Den Krieg auch geistig beenden:
Deutsche - besiegt auf ewig?

 

»Was für ein gespaltenes, geschichtsloses, von heute auf morgen dahinvegetierendes, finanziell reiches, geistig immer ärmer werdendes Volk der Gekrümmten!« Rudi Dutschke 1977 in einer Rede am Grab von Ernst Bloch über die Deutschen

»Der Krieg ist zu Ende«, hieß es auf dem sowjetischen Flugblatt »An die deutsche Bevölkerung!«, das im Sommer 1945 auf Deutschlands Mauern, sofern sie noch standen, geklebt wurde. Im Grunde, wie andere Behauptungen der Alliierten auch, eine Augenwischerei, denn tatsächlich ging der Krieg gegen Deutschland nach Eintritt des Waffenstillstandes am 8. Mai 1945, wenn auch mit anderen Mitteln, unvermindert weiter bis heute.

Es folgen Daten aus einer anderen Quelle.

(* Let $q>5$ be a prime power which cannot be written as $2^p$ with $p$ prime. Then, for any generator $w$ of $\mathbb F_q^*$, the group $G(q)$ contains the permutation of $\mathbb F_q^*$ induced by $c\mapsto wc$, which is a $(q-1)$-cycle.
   Context: $\mathbb F_q$ is the field with $q$ elements, $\mathbb F_q^*$ its multiplicative group. $G(q)$ denotes the group of permutations of $\mathbb F_q^*$ generated by all permutations of $\mathbb F_q^*$ which can be represented as $c\mapsto ac^m+bc^n$ with $a,b\in\mathbb F_q^*$ and integers $0<m<n<q$. *)

theory Defs
  imports "HOL-Algebra.Bij" "HOL-Algebra.Generated_Groups" "HOL-Computational_Algebra.Primes"
begin

definition Fstar :: "'a::field set" where
  "Fstar = UNIV - {0}"

text \<open>Permutations of F_q^* are represented as
  elements of Bij Fstar (bijections of Fstar, extensional outside Fstar).\<close>
definition binomial_perms :: "('a::{field,finite} \<Rightarrow> 'a) set" where
  "binomial_perms = {f \<in> Bij Fstar. \<exists>a b (m::nat) (n::nat). a \<noteq> 0 \<and> b \<noteq> 0 \<and> 0 < m \<and> m < n
      \<and> n < card (UNIV :: 'a set) \<and> f = restrict (\<lambda>c. a * c ^ m + b * c ^ n) Fstar}"
lemma avg_R:
  assumes "i < N" and "j < N"
  shows "avg R i j = 1 / real N"
  using nth_xs_mem_cluster[OF assms] by (simp add: avg_def N_eq)

lemma avg_beyond: "R < s \<Longrightarrow> avg s i j = 0"
  by (simp add: avg_def)

lemma E_kernel_nth: "r \<le> R \<Longrightarrow> E_kernel P n r (xs ! i) (xs ! j) = avg r i j"
  by (simp add: E_kernel_def avg_def hdist_le_iff)

lemma avg_row_sum:
  assumes "i < N" and "s \<le> R"
  shows "(\<Sum>k<N. avg s i k) = 1"
proof -
  have "(\<Sum>k<N. avg s i k) = (\<Sum>k | k < N \<and> xs ! k \<in> cluster P s (xs ! i). 1 / real (NN n s))"
    unfolding avg_def using assms(2) by (simp add: sum.If_cases lessThan_def Collect_conj_eq)
  then show ?thesis
    using card_cluster_indices[OF assms] NN_pos[of s] by simp
qed

lemma avg_mult:
  assumes "i < N" and "j < N"
  shows "(\<Sum>k<N. avg s i k * avg t k j) = avg (max s t) i j"
proof -
  have le: "(\<Sum>k<N. avg s i k * avg t k j) = avg t i j" if "s \<le> t" "i < N" for s t i j
  proof (cases "t \<le> R")
    case True
    have eq: "avg s i k * avg t k j = avg s i k * avg t i j" for k
    proof (cases "avg s i k = 0")
      case False
      then have "xs ! k \<in> cluster P t (xs ! i)"
        using cluster_mono[OF \<open>s \<le> t\<close>] by (auto simp: avg_def split: if_splits)
      then show ?thesis
        using cluster_eq_of_mem by (simp add: avg_def)
    qed simp
    have "(\<Sum>k<N. avg s i k * avg t k j) = (\<Sum>k<N. avg s i k) * avg t i j"
      by (simp only: eq sum_distrib_right)
    then show ?thesis
      using avg_row_sum[OF that(2)] \<open>s \<le> t\<close> True by simp
  next
    case False
    then show ?thesis by (simp add: avg_def)
  qed
  show ?thesis
  proof (cases "s \<le> t")
    case True
    then show ?thesis using le[OF True assms(1)] by (simp add: max_def)
  next
    case False
    have "(\<Sum>k<N. avg s i k * avg t k j) = (\<Sum>k<N. avg t j k * avg s k i)"
      by (simp add: avg_commute mult.commute)
    also have "\<dots> = avg s j i"
      using le False assms(2) by simp
    finally show ?thesis
      using False by (simp add: avg_commute max_def)
  qed
qed

definition level_proj :: "nat \<Rightarrow> real mat" where
  "level_proj u = mat N N (\<lambda>(i,j). avg u i j - avg (Suc u) i j)"

lemma level_proj_carrier: "level_proj u \<in> carrier_mat N N"
  unfolding level_proj_def by simp

lemma level_proj_mult: "level_proj u * level_proj v = (if u = v then level_proj u else 0\<^sub>m N N)"
proof (rule eq_matI)
  fix i j assume "i < dim_row (if u = v then level_proj u else 0\<^sub>m N N)"
    and "j < dim_col (if u = v then level_proj u else 0\<^sub>m N N)"
  then have ij: "i < N" "j < N"
    by (auto simp: level_proj_def split: if_splits)
  have "(level_proj u * level_proj v) $$ (i,j) = (\<Sum>k<N. (avg u i k - avg (Suc u) i k) * (avg v k j - avg (Suc v) k j))"
    using ij by (simp add: level_proj_def scalar_prod_def atLeast0LessThan)
  also have "\<dots> = avg (max u v) i j - avg (max u (Suc v)) i j
      - avg (max (Suc u) v) i j + avg (max (Suc u) (Suc v)) i j"
    unfolding left_diff_distrib right_diff_distrib sum_subtractf avg_mult[OF ij] by linarith
  also have "\<dots> = (if u = v then avg u i j - avg (Suc u) i j else 0)"
  proof (cases u v rule: linorder_cases)
    case less
    then have "max u v = v" "max u (Suc v) = Suc v" "max (Suc u) v = v" "max (Suc u) (Suc v) = Suc v"
      by auto
    then show ?thesis using less by simp
  next
    case equal
    then show ?thesis by simp
  next
    case greater
    then have "max u v = u" "max u (Suc v) = u" "max (Suc u) v = Suc u" "max (Suc u) (Suc v) = Suc u"
      by auto
    then show ?thesis using greater by simp
  qed
  also have "\<dots> = (if u = v then level_proj u else 0\<^sub>m N N) $$ (i,j)"
    using ij by (simp add: level_proj_def)
  finally show "(level_proj u * level_proj v) $$ (i,j) = (if u = v then level_proj u else 0\<^sub>m N N) $$ (i,j)" .
qed (auto simp: level_proj_def)

lemma sum_level_proj: "i < N \<Longrightarrow> j < N \<Longrightarrow> (\<Sum>u<Suc R. level_proj u $$ (i,j)) = of_bool (i = j)"
  using sum_lessThan_telescope'[of "\<lambda>u. avg u i j" "Suc R"] avg_0
  by (simp add: level_proj_def avg_def)
(* Let $\mathbf{A}=(\mathcal{P},\mathcal{L},\parallel)$ be an affine space over $\mathrm{GF}(2)$ of countably infinite dimension, and let $\mathbf{A}'=(\mathcal{P}',\mathcal{L}',\parallel')$ be an $m$-dimensional affine space, $3\le m\le\aleph_0$, over a countably infinite (skew) field $F'$ of arbitrary characteristic. Then there exists a bijection $\varphi:\mathcal{L}\to\mathcal{L}'$ satisfying $a\sim b\implies a^\varphi\sim' b^\varphi$ for all $a,b\in\mathcal{L}$ such that the associated injection $\lambda:\mathcal{P}\to\mathcal{P}'$, $a\cap b\mapsto a^\varphi\cap b^\varphi$ ($a,b\in\mathcal{L}$ adjacent), is not surjective; indeed, $\varphi$ can be chosen so that there is a set $\mathcal{B}'\subseteq\mathcal{P}'$ containing no three collinear points and meeting every line of $\mathbf{A}'$ in exactly two points, with $\lambda(\mathcal{P})=\mathcal{B}'$.
   Context: In an affine space, lines $a,b$ are related, $a\sim b$, if $a\cap b\ne\emptyset$, and adjacent if related and distinct; analogously $\sim'$ in $\mathbf{A}'$. In an affine space over $\mathrm{GF}(2)$ every line consists of exactly two points, so lines of $\mathbf{A}$ are exactly the 2-subsets of $\mathcal{P}$. *)

theory Defs
  imports Main "HOL-Library.Z2" "HOL-Library.Countable_Set"
begin

text \<open>Coordinate model of the affine space of dimension |I| over a (skew) field F
  (left vector space): points are finitely supported functions I \<rightarrow> F
  (zero outside I); lines are the sets p + F v with v a nonzero vector.\<close>

definition aff_points :: "'i set \<Rightarrow> ('i \<Rightarrow> 'f::division_ring) set" where
  "aff_points I = {x. finite {i. x i \<noteq> 0} \<and> (\<forall>i. i \<notin> I \<longrightarrow> x i = 0)}"

definition aff_line :: "('i \<Rightarrow> 'f::division_ring) \<Rightarrow> ('i \<Rightarrow> 'f) \<Rightarrow> ('i \<Rightarrow> 'f) set" where
  "aff_line p v = {(\<lambda>i. p i + t * v i) | t. True}"

definition aff_lines :: "'i set \<Rightarrow> ('i \<Rightarrow> 'f::division_ring) set set" where
  "aff_lines I = {aff_line p v | p v. p \<in> aff_points I \<and> v \<in> aff_points I \<and> v \<noteq> (\<lambda>_. 0)}"

end

theory Submission
  imports Defs
begin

Vor 350 Jahren ist man in Europa geistig weiter gewesen. Im Westfälischen Frieden von 1648 zeigte man sich versöhnungsentschlossen: »Alle sowohl vor dem Kriege als auch in dem Kriege, mit Worten, Schriften oder Taten zugefügten Beleidigungen, Gewalttaten, Feindseligkeiten, Schäden und Unkosten ohne alles Ansehen der Personen oder Sachen sollen dergestalt gänzlich abgetan sein, daß alles, was deshalb der eine vom anderen fordern könnte, in immerwährender Vergessenheit begraben sein soll.«

Im Gegensatz dazu endete 1945 lediglich der offene Kampf mit militärischen Waffen. Die »stillen Waffen« - Propagandalügen, Maßnahmen zur Entmündigung und Umerziehung, Installierung neuer politischer Machtstrukturen, Presselizensierung und anderes mehr - kamen nun erst richtig zum Einsatz. Es galt, die Deutschen sich untertan, sich gefügig zu machen, und das möglichst auf Dauer. So wurde zunächst das Schlagwort von der »Kollektivschuld der Deutschen« erfunden. Dieser Kniff hat sich für die Siegermächte und ihre Kollaborateure in jeder Hinsicht ausgezahlt - psychologisch, politisch und vor allem materiell.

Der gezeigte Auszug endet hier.